Take the material below and reproduce, word for word, only the lines from the line with "unfolding rel_n_def rel_c_def" through the line with "0) \<longrightarrow> z = 0)".

Recorded data -
-----
(* Let $n\ge1$ and let $i,j,k\in\{0,\dots,2^n-1\}$ be mutually distinct. (a) If $i\,n\,j$ and $j\,n\,k$, then not $i\,n\,k$; if $i\,n\,j$ and ($j\,d\,k$ or $j\,c\,k$), then $i\,n\,k$. (b) If $i\,c\,j$ and $j\,c\,k$, then $i\,c\,k$. (c) If $i\,d\,j$ and $j\,d\,k$, then $i\,c\,k$. (d) If $i\,c\,j$ and $j\,d\,k$, then $i\,d\,k$.
   Context: For $n\ge1$, an $n$-path is a string $\alpha_0\alpha_1\cdots\alpha_n$ with $\alpha_k\in\{0,1\}$, $\alpha_0=0$; the $n$-paths are identified with $\{0,\dots,2^n-1\}$, the path $\omega_j$ being the one whose string is the binary representation of $j$ (with $\alpha_n$ least significant). $D^n$ is the $2^n\times 2^n$ matrix with $D^n_{jk}=D^n(\omega_j,\omega_k)$, where $D^n(\omega,\omega')=2^{-n}\prod_{k=1}^n i^{|\alpha_k-\alpha_{k-1}|}\prod_{k=1}^n i^{-|\alpha'_k-\alpha'_{k-1}|}\,\delta_{\alpha_n\alpha'_n}$ for $\omega=\alpha_0\cdots\alpha_n$, $\omega'=\alpha'_0\cdots\alpha'_n$ (here $i=\sqrt{-1}$). For distinct indices $p,q$ the interference term is $I^n_{pq}=2\,\mathrm{Re}\,D^n_{pq}$. We write $p\,n\,q$ if $I^n_{pq}=0$, $p\,c\,q$ if $I^n_{pq}>0$, and $p\,d\,q$ if $I^n_{pq}<0$. *)

theory Defs
  imports Complex_Main
begin

text \<open>The n-path with index j (0 <= j < 2^n) is the string alpha_0 alpha_1 ... alpha_n,
  the binary representation of j padded with a leading alpha_0 = 0, alpha_n least significant.\<close>
definition path_bit :: "nat \<Rightarrow> nat \<Rightarrow> nat \<Rightarrow> nat" where
  "path_bit n j k = (j div 2 ^ (n - k)) mod 2"

definition Dmat :: "nat \<Rightarrow> nat \<Rightarrow> nat \<Rightarrow> complex" where
  "Dmat n p q =
     (1 / 2 ^ n)
     * (\<Prod>k\<in>{1..n}. \<i> ^ nat \<bar>int (path_bit n p k) - int (path_bit n p (k - 1))\<bar>)
     * (\<Prod>k\<in>{1..n}. \<i> powi (- int (nat \<bar>int (path_bit n q k) - int (path_bit n q (k - 1))\<bar>)))
     * (if path_bit n p n = path_bit n q n then 1 else 0)"

definition interference :: "nat \<Rightarrow> nat \<Rightarrow> nat \<Rightarrow> real" where
  "interference n p q = 2 * Re (Dmat n p q)"

definition rel_n :: "nat \<Rightarrow> nat \<Rightarrow> nat \<Rightarrow> bool" where
  "rel_n n p q \<longleftrightarrow> interference n p q = 0"

definition rel_c :: "nat \<Rightarrow> nat \<Rightarrow> nat \<Rightarrow> bool" where
  "rel_c n p q \<longleftrightarrow> interference n p q > 0"

definition rel_d :: "nat \<Rightarrow> nat \<Rightarrow> nat \<Rightarrow> bool" where
  "rel_d n p q \<longleftrightarrow> interference n p q < 0"

end

theory Submission
  imports Defs
begin

text \<open>Let f(p) be the number of bit changes along the path p. Then D_pq equals
  2^-n i^f(p) (-i)^f(q) when the final bits of p and q agree, and 0 otherwise. Since
  alpha_0 = 0, the parity of f(p) is the final bit of p, so in either case the sign of I_pq is the
  sign of Re (i^(f(p) - f(q))): positive, zero or negative according as f(p) - f(q) is 0, odd or
  2 modulo 4. These differences add up along i, j, k, and the four rules are the multiplication
  table of {1, i, -1, -i}.
  Exponents are kept in nat by writing i^(f(p) - f(q)) as i^(f(p) + 3 f(q)).\<close>

lemma even_sum_bit_changes:
  fixes b :: "nat \<Rightarrow> nat"
  assumes bit: "\<And>k. b k < 2"
  shows "even (\<Sum>k\<in>{1..m}. nat \<bar>int (b k) - int (b (k - 1))\<bar>) \<longleftrightarrow> b m = b 0"
proof (induction m)
  case 0
  then show ?case by simp
next
  case (Suc m)
  have "b (Suc m) \<in> {0, 1}" "b m \<in> {0, 1}" "b 0 \<in> {0, 1}"
    using bit[of "Suc m"] bit[of m] bit[of 0] by auto
  then show ?case
    using Suc.IH by (auto simp: add.commute)
qed

definition flips :: "nat \<Rightarrow> nat \<Rightarrow> nat" where
  "flips n p = (\<Sum>k\<in>{1..n}. nat \<bar>int (path_bit n p k) - int (path_bit n p (k - 1))\<bar>)"

lemma even_flips_iff:
  assumes "p < 2 ^ n"
  shows "even (flips n p) \<longleftrightarrow> path_bit n p n = 0"
proof -
  have "path_bit n p 0 = 0"
    using assms by (simp add: path_bit_def)
  moreover have "even (flips n p) \<longleftrightarrow> path_bit n p n = path_bit n p 0"
    unfolding flips_def by (rule even_sum_bit_changes) (simp add: path_bit_def)
  ultimately show ?thesis
    by simp
qed

lemma i_power_mod_4: "\<i> ^ m = \<i> ^ (m mod 4)"
proof -
  have "\<i> ^ m = \<i> ^ (4 * (m div 4) + m mod 4)"
    by simp
  also have "\<dots> = (\<i> ^ 4) ^ (m div 4) * \<i> ^ (m mod 4)"
    by (simp only: power_add power_mult)
  finally show ?thesis
    by simp
qed

lemma Re_i_power:
  "Re (\<i> ^ m) = (if m mod 4 = 0 then 1 else if m mod 4 = 2 then -1 else 0)"
proof -
  have "m mod 4 = 0 \<or> m mod 4 = 1 \<or> m mod 4 = 2 \<or> m mod 4 = 3"
    by auto
  then show ?thesis
    by (subst i_power_mod_4, elim disjE) (simp_all add: power3_eq_cube)
qed

lemma i_powi_neg: "\<i> powi (- int m) = \<i> ^ (3 * m)"
  by (simp add: power_int_minus power_mult power3_eq_cube flip: power_inverse)

lemma interference_eq:
  assumes "p < 2 ^ n" "q < 2 ^ n"
  shows "interference n p q = 2 / 2 ^ n * Re (\<i> ^ (flips n p + 3 * flips n q))"
proof -
  have "Dmat n p q = 1 / 2 ^ n * \<i> ^ (flips n p + 3 * flips n q)
      * (if path_bit n p n = path_bit n q n then 1 else 0)"
    unfolding Dmat_def flips_def i_powi_neg by (simp add: power_add power_sum sum_distrib_left)
  moreover have "Re (\<i> ^ (flips n p + 3 * flips n q)) = 0" if "path_bit n p n \<noteq> path_bit n q n"
  proof -
    have "odd (flips n p + 3 * flips n q)"
      using that even_flips_iff[OF assms(1)] even_flips_iff[OF assms(2)]
      by (auto simp: path_bit_def)
    then show ?thesis
      by (simp add: Re_i_power) presburger
  qed
  ultimately show ?thesis
    unfolding interference_def by auto
qed

lemma
  assumes "p < 2 ^ n" "q < 2 ^ n"
  shows rel_n_iff: "rel_n n p q \<longleftrightarrow> Re (\<i> ^ (flips n p + 3 * flips n q)) = 0"
    and rel_c_iff: "rel_c n p q \<longleftrightarrow> Re (\<i> ^ (flips n p + 3 * flips n q)) > 0"
    and rel_d_iff: "rel_d n p q \<longleftrightarrow> Re (\<i> ^ (flips n p + 3 * flips n q)) < 0"
  unfolding rel_n_def rel_c_def rel_d_def interference_eq[OF assms]
  by (auto simp: zero_less_divide_iff divide_less_0_iff zero_less_mult_iff mult_less_0_iff)

lemma Re_i_power_sign_rules:
  fixes a b :: nat
  defines "x \<equiv> Re (\<i> ^ a)" and "y \<equiv> Re (\<i> ^ b)" and "z \<equiv> Re (\<i> ^ (a + b))"
  shows "(x = 0 \<and> y = 0 \<longrightarrow> z \<noteq> 0)
       \<and> (x = 0 \<and> (y < 0 \<or> y > 0) \<longrightarrow> z = 0)
       \<and> (x > 0 \<and> y > 0 \<longrightarrow> z > 0)
       \<and> (x < 0 \<and> y < 0 \<longrightarrow> z > 0)
       \<and> (x > 0 \<and> y < 0 \<longrightarrow> z < 0)"
proof -
  have "(a + b) mod 4 = (a mod 4 + b mod 4) mod 4"
    by (simp add: mod_add_eq)
  moreover have "a mod 4 = 0 \<or> a mod 4 = 1 \<or> a mod 4 = 2 \<or> a mod 4 = 3"
    and "b mod 4 = 0 \<or> b mod 4 = 1 \<or> b mod 4 = 2 \<or> b mod 4 = 3"
    by auto
  ultimately show ?thesis
    unfolding x_def y_def z_def Re_i_power by (elim disjE) simp_all
qed

theorem corollary2p2:
  fixes n i j k :: nat
  assumes "n \<ge> 1" and "i < 2 ^ n" and "j < 2 ^ n" and "k < 2 ^ n"
    and "i \<noteq> j" and "j \<noteq> k" and "i \<noteq> k"
  shows "((rel_n n i j \<and> rel_n n j k) \<longrightarrow> \<not> rel_n n i k)
       \<and> ((rel_n n i j \<and> (rel_d n j k \<or> rel_c n j k)) \<longrightarrow> rel_n n i k)
       \<and> ((rel_c n i j \<and> rel_c n j k) \<longrightarrow> rel_c n i k)
       \<and> ((rel_d n i j \<and> rel_d n j k) \<longrightarrow> rel_c n i k)
       \<and> ((rel_c n i j \<and> rel_d n j k) \<longrightarrow> rel_d n i k)"
proof -
  define a where "a = flips n i + 3 * flips n j"
  define b where "b = flips n j + 3 * flips n k"
  have "a + b = (flips n i + 3 * flips n k) + 4 * flips n j"
    by (simp add: a_def b_def)
  then have "Re (\<i> ^ (a + b)) = Re (\<i> ^ (flips n i + 3 * flips n k))"
    by (simp add: power_add power_mult)
  with Re_i_power_sign_rules[of a b] show ?thesis
    using assms(2-4) by (simp add: rel_n_iff rel_c_iff rel_d_iff a_def b_def)
qed
end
-----
Exercise output -
  unfolding rel_n_def rel_c_def rel_d_def interference_eq[OF assms]
  by (auto simp: zero_less_divide_iff divide_less_0_iff zero_less_mult_iff mult_less_0_iff)

lemma Re_i_power_sign_rules:
  fixes a b :: nat
  defines "x \<equiv> Re (\<i> ^ a)" and "y \<equiv> Re (\<i> ^ b)" and "z \<equiv> Re (\<i> ^ (a + b))"
  shows "(x = 0 \<and> y = 0 \<longrightarrow> z \<noteq> 0)
       \<and> (x = 0 \<and> (y < 0 \<or> y > 0) \<longrightarrow> z = 0)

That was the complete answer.